交换与使用std :: map []运算符分配（const问题）

Question

I'm currently using the [] operator on a std::map :

map[key] = value;

Nothing too crazy. However, my value contains a const public member:

class Value
{
public:
    Value(int input) : member(input) { }
    const int member;
};

Without getting into the details of my application, the const member is something we want to keep. Given that, I was assuming that map[key] = value was doing something like first erasing the existing value, then inserting the new one:

map.erase(map.find(key));
map.insert(make_pair(key, value));

However, what actually seems to be happening is that the operator [] returns a reference to the Value, and thus tries to use the = assignment or move operator or something. Clearly, this can't work because the member can't be reassigned. Now, I'm OK with just calling erase then insert myself, but I was wondering if there was a way to pull off map[key] = value that uses this "swap" technique.

Answer 1

There's no easy way to implement a map like that in C++. Think about it: In order to do this you would have to make map[] return a proxy object with an overloaded assignment operator that then calls erase and remove on the underlying map, while also being careful to make sure it still behaves as a reference to its value when used as an rvalue. Returning reference is the only sensible way to do things, and is more intuitive as well.
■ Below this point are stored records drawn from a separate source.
lemma sum_sum_split_pair:
  fixes f :: "'s::finite \<Rightarrow> 's \<Rightarrow> 'a::comm_monoid_add"
  assumes "x \<noteq> y"
  shows "(\<Sum>u\<in>UNIV. \<Sum>v\<in>UNIV. f u v) = f x y + f y x + (\<Sum>(u, v)\<in>UNIV - {(x, y), (y, x)}. f u v)"
proof -
  have "(\<Sum>u\<in>UNIV. \<Sum>v\<in>UNIV. f u v) = (\<Sum>(u, v)\<in>UNIV. f u v)"
    by (simp add: sum.cartesian_product)
  also have "\<dots> = (\<Sum>(u, v)\<in>{(x, y), (y, x)}. f u v) + (\<Sum>(u, v)\<in>UNIV - {(x, y), (y, x)}. f u v)"
    using sum.subset_diff[of "{(x, y), (y, x)}" UNIV "\<lambda>(u, v). f u v"] by (simp add: add.commute)
  finally show ?thesis using assms by simp
qed

definition tridiag_op ::
    "(nat \<Rightarrow> real) \<Rightarrow> (nat \<Rightarrow> real) \<Rightarrow> (nat \<Rightarrow> real) \<Rightarrow> (nat \<Rightarrow> real) \<Rightarrow> nat \<Rightarrow> real" where
  "tridiag_op T a b u k = T k * u k - a k * u (k + 1) - b k * u (k - 1)"

lemma tridiag_op_diff:
  "tridiag_op T a b (\<lambda>j. f j - g j) k = tridiag_op T a b f k - tridiag_op T a b g k"
  by (simp add: tridiag_op_def algebra_simps)

lemma tridiag_op_minus: "tridiag_op T a b (\<lambda>j. - f j) k = - tridiag_op T a b f k"
  by (simp add: tridiag_op_def algebra_simps)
As far as how to do what you want, you should probably just write a function to do so, and call that function instead of trying to assign elements to the map directly.

Answer 2

I suppose you define your map as something like:

std::map<Key, Value> mymap;

Please note that the internal node of the map stores copies of your originally passed Key and Value. If you want to use swap semantics you should use pointers to Value instead, something like:

std::map<Key, std::shared_ptr<Value> > mymap;

and then to change the value will be something like:

mymap[key].reset(new Value(...));